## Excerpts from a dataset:
*** Begin section ***
lemma coordinate_pair_lift:
  assumes i: "i < n" and j: "j < n" and g: "g \<in> hom C Z (Dom C s)"
  obtains \<beta> y where "regular_epi C \<beta>" "Cod C \<beta> = Z" "y \<in> hom C (Dom C \<beta>) (Dom C t)"
    "\<pi> i \<cdot> t \<cdot> y = \<pi> i \<cdot> s \<cdot> g \<cdot> \<beta>" "\<pi> j \<cdot> t \<cdot> y = \<pi> j \<cdot> s \<cdot> g \<cdot> \<beta>"
proof -
  obtain Q p q where bp: "binary_product C (A i) (A j) Q p q"
    using binary_product_exists[OF factor_obj[OF i] factor_obj[OF j]] .
  have pq: "p \<in> hom C Q (A i)" "q \<in> hom C Q (A j)" using bp unfolding binary_product_def by auto
  have "P \<in> Obj C" using hom_objs[OF s_in_hom] by blast
  then obtain u where u: "u \<in> hom C P Q" "p \<cdot> u = \<pi> i" "q \<cdot> u = \<pi> j"
    using bp projection_in_hom[OF i] projection_in_hom[OF j] unfolding binary_product_def by blast
  have "u \<in> Arr C" "Dom C u = P" using u(1) unfolding hom_def by auto
  then obtain ms mt where ims: "is_image C u s ms" and imt: "is_image C u t mt"
    using image_exists[OF _ mono_s] image_exists[OF _ mono_t] cod_s cod_t by metis
  obtain \<beta> y where \<beta>: "regular_epi C \<beta>" "Cod C \<beta> = Z" and y: "y \<in> hom C (Dom C \<beta>) (Dom C t)"
    and eq: "u \<cdot> t \<cdot> y = u \<cdot> s \<cdot> g \<cdot> \<beta>"
    using image_le_lift[OF ims imt images_le[OF i j bp u ims imt] g] .
  have b: "\<beta> \<in> hom C (Dom C \<beta>) Z" using regular_epi_in_hom[OF \<beta>(1)] \<beta>(2) by simp
  note T = u(1) pq s_in_hom t_in_hom y b g
  have "\<pi> i \<cdot> t \<cdot> y = \<pi> i \<cdot> s \<cdot> g \<cdot> \<beta>" "\<pi> j \<cdot> t \<cdot> y = \<pi> j \<cdot> s \<cdot> g \<cdot> \<beta>"
    using T by (simp_all add: u(2,3)[symmetric] eq hom_def comp_assoc)
  with that \<beta> y show thesis by blast
qed

lemma coordinate_eq_precomp:
  assumes i: "i < n" and eq: "\<pi> i \<cdot> t \<cdot> y = \<pi> i \<cdot> s \<cdot> g"
    and y: "y \<in> hom C W (Dom C t)" and g: "g \<in> hom C W (Dom C s)" and h: "h \<in> hom C V W"
  shows "\<pi> i \<cdot> t \<cdot> y \<cdot> h = \<pi> i \<cdot> s \<cdot> g \<cdot> h"
proof -
  from eq have "(\<pi> i \<cdot> t \<cdot> y) \<cdot> h = (\<pi> i \<cdot> s \<cdot> g) \<cdot> h" by simp
  then show ?thesis
    using projection_in_hom[OF i] s_in_hom t_in_hom y g h by (simp add: hom_def comp_assoc)
qed

definition coordinate_lifts where
  "coordinate_lifts \<alpha> a k \<longleftrightarrow> regular_epi C \<alpha> \<and> Cod C \<alpha> = Dom C s \<and>
     (\<forall>i < k. a i \<in> hom C (Dom C \<alpha>) (Dom C t) \<and> \<pi> i \<cdot> t \<cdot> a i = \<pi> i \<cdot> s \<cdot> \<alpha>)"

lemma coordinate_lifts_exist: "k \<le> n \<Longrightarrow> \<exists>\<alpha> a. coordinate_lifts \<alpha> a k"
proof (induction k)
  case 0
  have "Dom C s \<in> Obj C" using hom_objs[OF s_in_hom] by blast
  then show ?case
    using ide_regular_epi ide_in_hom[of "Dom C s"] unfolding coordinate_lifts_def hom_def
    by (intro exI) auto
next
  case (Suc k)
  then obtain \<alpha> a where \<alpha>: "regular_epi C \<alpha>" "Cod C \<alpha> = Dom C s"
    and a: "\<forall>i < k. a i \<in> hom C (Dom C \<alpha>) (Dom C t) \<and> \<pi> i \<cdot> t \<cdot> a i = \<pi> i \<cdot> s \<cdot> \<alpha>"
    unfolding coordinate_lifts_def by auto
  have k: "k < n" using Suc.prems by simp
  have ah: "\<alpha> \<in> hom C (Dom C \<alpha>) (Dom C s)" using regular_epi_in_hom[OF \<alpha>(1)] \<alpha>(2) by simp
  obtain \<beta> y where \<beta>: "regular_epi C \<beta>" "Cod C \<beta> = Dom C \<alpha>"
    and y: "y \<in> hom C (Dom C \<beta>) (Dom C t)" "\<pi> k \<cdot> t \<cdot> y = \<pi> k \<cdot> s \<cdot> \<alpha> \<cdot> \<beta>"
    using coordinate_pair_lift[OF k k ah] by metis
  have bh: "\<beta> \<in> hom C (Dom C \<beta>) (Dom C \<alpha>)" using regular_epi_in_hom[OF \<beta>(1)] \<beta>(2) by simp
  have ab: "Dom C (\<alpha> \<cdot> \<beta>) = Dom C \<beta>" "Cod C (\<alpha> \<cdot> \<beta>) = Dom C s"
    using comp_in_hom[OF bh ah] unfolding hom_def by auto
  define a' where "a' i = (if i < k then a i \<cdot> \<beta> else y)" for i
  have "a' i \<in> hom C (Dom C (\<alpha> \<cdot> \<beta>)) (Dom C t) \<and> \<pi> i \<cdot> t \<cdot> a' i = \<pi> i \<cdot> s \<cdot> \<alpha> \<cdot> \<beta>"
    if "i < Suc k" for i
  proof (cases "i < k")
    case True
    then have ai: "a i \<in> hom C (Dom C \<alpha>) (Dom C t)" "\<pi> i \<cdot> t \<cdot> a i = \<pi> i \<cdot> s \<cdot> \<alpha>" using a by auto
    have "i < n" using True k by simp
    then show ?thesis
      using coordinate_eq_precomp[OF _ ai(2) ai(1) ah bh] comp_in_hom[OF bh ai(1)] True ab
      unfolding a'_def by simp
  next
    case False
    then have "i = k" using that by simp
    then show ?thesis using False y ab unfolding a'_def by simp
  qed
  then have "coordinate_lifts (\<alpha> \<cdot> \<beta>) a' (Suc k)"
    using regular_epi_comp[OF \<beta>(1) \<alpha>(1) \<beta>(2)] ab unfolding coordinate_lifts_def by auto
  then show ?case by blast
qed

lemma coordinate_lifts_in_hom:
  assumes "coordinate_lifts \<alpha> a n"
  shows "\<alpha> \<in> hom C (Dom C \<alpha>) (Dom C s)" "\<And>i. i < n \<Longrightarrow> a i \<in> hom C (Dom C \<alpha>) (Dom C t)"
    and coordinate_lifts_eq: "\<And>i. i < n \<Longrightarrow> \<pi> i \<cdot> t \<cdot> a i = \<pi> i \<cdot> s \<cdot> \<alpha>"
  using assms regular_epi_in_hom[of \<alpha>] unfolding coordinate_lifts_def by auto

definition \<theta> where
  "\<theta> i = kernel_rel (\<pi> i \<cdot> t)"

lemma kernel_pair_\<theta>: "i < n \<Longrightarrow> kernel_pair C (\<pi> i \<cdot> t) (fst (\<theta> i)) (snd (\<theta> i))"
  using kernel_pair_kernel_rel comp_in_hom[OF t_in_hom projection_in_hom]
  unfolding \<theta>_def hom_def by auto

lemma effective_\<theta>: "i < n \<Longrightarrow> effective_eq_rel C (Dom C t) (\<theta> i)"
  unfolding effective_eq_rel_def
  using kernel_pair_\<theta> comp_in_hom[OF t_in_hom projection_in_hom]
  by (intro exI[of _ "\<pi> i \<cdot> t"]) (auto simp: hom_def)

lemma cong_mod_\<theta>_iff:
  assumes "i < n" "y \<in> hom C W (Dom C t)" "z \<in> hom C W (Dom C t)"
  shows "cong_mod C y z (\<theta> i) \<longleftrightarrow> \<pi> i \<cdot> t \<cdot> y = \<pi> i \<cdot> t \<cdot> z"
  using cong_mod_kernel_pair_iff[OF kernel_pair_\<theta>, of i y W z] assms t_in_hom
    projection_in_hom[OF assms(1)]
  by (simp add: hom_def comp_assoc)

lemma approx_solvable_pair:
  assumes lifts: "coordinate_lifts \<alpha> a n" and ij: "i < n" "j < n"
  shows "approx_solvable C (Dom C t) (Dom C \<alpha>) a \<theta> {i, j}"
proof -
  note A = coordinate_lifts_in_hom[OF lifts]
  obtain \<beta> y where \<beta>: "regular_epi C \<beta>" "Cod C \<beta> = Dom C \<alpha>"
    and y: "y \<in> hom C (Dom C \<beta>) (Dom C t)" "\<pi> i \<cdot> t \<cdot> y = \<pi> i \<cdot> s \<cdot> \<alpha> \<cdot> \<beta>"
      "\<pi> j \<cdot> t \<cdot> y = \<pi> j \<cdot> s \<cdot> \<alpha> \<cdot> \<beta>"
    using coordinate_pair_lift[OF ij A(1)] by metis
  have bh: "\<beta> \<in> hom C (Dom C \<beta>) (Dom C \<alpha>)" using regular_epi_in_hom[OF \<beta>(1)] \<beta>(2) by simp
  have "cong_mod C y (a l \<cdot> \<beta>) (\<theta> l)" if "l \<in> {i, j}" for l
  proof -
    have l: "l < n" using that ij by auto
    then show ?thesis
      using cong_mod_\<theta>_iff[OF l y(1) comp_in_hom[OF bh A(2)[OF l]]] y that
        coordinate_eq_precomp[OF l A(3)[OF l] A(2)[OF l] A(1) bh]
      by auto
  qed
  then show ?thesis unfolding approx_solvable_def using \<beta> y(1) by blast
qed

lemma factors_through_of_approx_solvable:
  assumes lifts: "coordinate_lifts \<alpha> a n" and sol: "approx_solvable C (Dom C t) (Dom C \<alpha>) a \<theta> {..<n}"
  shows "factors_through C s t"
proof -
  note A = coordinate_lifts_in_hom[OF lifts]
  obtain \<gamma> x where \<gamma>: "regular_epi C \<gamma>" "Cod C \<gamma> = Dom C \<alpha>"
    and x: "x \<in> hom C (Dom C \<gamma>) (Dom C t)" "\<And>i. i < n \<Longrightarrow> cong_mod C x (a i \<cdot> \<gamma>) (\<theta> i)"
    using sol unfolding approx_solvable_def by auto
  have gh: "\<gamma> \<in> hom C (Dom C \<gamma>) (Dom C \<alpha>)" using regular_epi_in_hom[OF \<gamma>(1)] \<gamma>(2) by simp
  have "t \<cdot> x = s \<cdot> \<alpha> \<cdot> \<gamma>"
  proof (rule nary_product_eqI[OF product])
    show "t \<cdot> x \<in> hom C (Dom C \<gamma>) P" "s \<cdot> \<alpha> \<cdot> \<gamma> \<in> hom C (Dom C \<gamma>) P"
      using comp_in_hom[OF x(1) t_in_hom] comp_in_hom[OF comp_in_hom[OF gh A(1)] s_in_hom] .
    fix i assume i: "i < n"
    have "\<pi> i \<cdot> t \<cdot> x = \<pi> i \<cdot> t \<cdot> a i \<cdot> \<gamma>"
      using cong_mod_\<theta>_iff[OF i x(1) comp_in_hom[OF gh A(2)[OF i]]] x(2)[OF i] by simp
    also have "\<dots> = \<pi> i \<cdot> s \<cdot> \<alpha> \<cdot> \<gamma>" using coordinate_eq_precomp[OF i A(3)[OF i] A(2)[OF i] A(1) gh] .
    finally show "\<pi> i \<cdot> t \<cdot> x = \<pi> i \<cdot> s \<cdot> \<alpha> \<cdot> \<gamma>" .
  qed
  moreover have "regular_epi C (\<alpha> \<cdot> \<gamma>)"
    using regular_epi_comp[OF \<gamma>(1) _ \<gamma>(2)] lifts unfolding coordinate_lifts_def by blast
  moreover have "Dom C (\<alpha> \<cdot> \<gamma>) = Dom C \<gamma>" "Cod C (\<alpha> \<cdot> \<gamma>) = Dom C s"
    using comp_in_hom[OF gh A(1)] unfolding hom_def by auto
  ultimately obtain d where "d \<in> hom C (Dom C s) (Dom C t)" "t \<cdot> d = s"
    using regular_epi_mono_diagonal[OF _ mono_t, of "\<alpha> \<cdot> \<gamma>" x s] x(1) s_in_hom cod_t by auto
  then show ?thesis unfolding factors_through_def by blast
qed

lemma factors_through_if_pairwise_CRT:
  assumes crt: "pairwise_CRT C" and n: "0 < n"
  shows "factors_through C s t"
proof -
  obtain \<alpha> a where lifts: "coordinate_lifts \<alpha> a n" using coordinate_lifts_exist by blast
  note A = coordinate_lifts_in_hom[OF lifts]
  have "approx_solvable C (Dom C t) (Dom C \<alpha>) a \<theta> {..<n}"
    using crt[unfolded pairwise_CRT_def, rule_format, of "Dom C t" "Dom C \<alpha>" n a \<theta>]
      hom_objs[OF t_in_hom] hom_objs[OF A(1)] n A(2) effective_\<theta> approx_solvable_pair[OF lifts]
    by blast
  then show ?thesis by (rule factors_through_of_approx_solvable[OF lifts])
qed

end

theorem lemma5p5:
  fixes C :: "('o, 'a) category"
  assumes "regular_category C"
    and "pairwise_CRT C"
  shows "finite_2fold_subobject_decompositions C"
  unfolding finite_2fold_subobject_decompositions_def
proof (intro allI impI, elim conjE)
  fix n A P \<pi> s t
  assume n: "0 < n" and product: "nary_product C n A P \<pi>"
    and s: "mono C s" "Cod C s = P" and t: "mono C t" "Cod C t = P"
    and images: "\<forall>i < n. \<forall>j < n. \<forall>Q p q u. binary_product C (A i) (A j) Q p q \<and> u \<in> hom C P Q \<and>
      Cmp C p u = \<pi> i \<and> Cmp C q u = \<pi> j \<longrightarrow>
      (\<forall>ms mt. is_image C u s ms \<and> is_image C u t mt \<longrightarrow> same_subobject C ms mt)"
  have images_le: "factors_through C ms mt" "factors_through C mt ms"
    if "i < n" "j < n" "binary_product C (A i) (A j) Q p q" "u \<in> hom C P Q"
      "Cmp C p u = \<pi> i" "Cmp C q u = \<pi> j" "is_image C u s ms" "is_image C u t mt" for i j Q p q u ms mt
    using images that by (auto simp: same_subobject_iff)
  have regular: "regular_cat C" using assms(1) by (rule regular_cat.intro)
  have "factors_through C s t"
    by (rule pairwise_images_le.factors_through_if_pairwise_CRT[OF _ assms(2) n],
        rule pairwise_images_le.intro[OF regular pairwise_images_le_axioms.intro[OF product s t]])
      (rule images_le(1))
  moreover have "factors_through C t s"
    by (rule pairwise_images_le.factors_through_if_pairwise_CRT[OF _ assms(2) n],
        rule pairwise_images_le.intro[OF regular pairwise_images_le_axioms.intro[OF product t s]])
      (rule images_le(2))
  ultimately show "same_subobject C s t" using s t by (simp add: same_subobject_iff)
qed

end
*** End section ***
## Goal of the exercise:
Return only the lines between the one holding "True k by simp" and the one holding "i = kernel_rel", inclusive, exactly as they appear above.

## Solution to this exercise:
    have "i < n" using True k by simp
    then show ?thesis
      using coordinate_eq_precomp[OF _ ai(2) ai(1) ah bh] comp_in_hom[OF bh ai(1)] True ab
      unfolding a'_def by simp
  next
    case False
    then have "i = k" using that by simp
    then show ?thesis using False y ab unfolding a'_def by simp
  qed
  then have "coordinate_lifts (\<alpha> \<cdot> \<beta>) a' (Suc k)"
    using regular_epi_comp[OF \<beta>(1) \<alpha>(1) \<beta>(2)] ab unfolding coordinate_lifts_def by auto
  then show ?case by blast
qed

lemma coordinate_lifts_in_hom:
  assumes "coordinate_lifts \<alpha> a n"
  shows "\<alpha> \<in> hom C (Dom C \<alpha>) (Dom C s)" "\<And>i. i < n \<Longrightarrow> a i \<in> hom C (Dom C \<alpha>) (Dom C t)"
    and coordinate_lifts_eq: "\<And>i. i < n \<Longrightarrow> \<pi> i \<cdot> t \<cdot> a i = \<pi> i \<cdot> s \<cdot> \<alpha>"
  using assms regular_epi_in_hom[of \<alpha>] unfolding coordinate_lifts_def by auto

definition \<theta> where
  "\<theta> i = kernel_rel (\<pi> i \<cdot> t)"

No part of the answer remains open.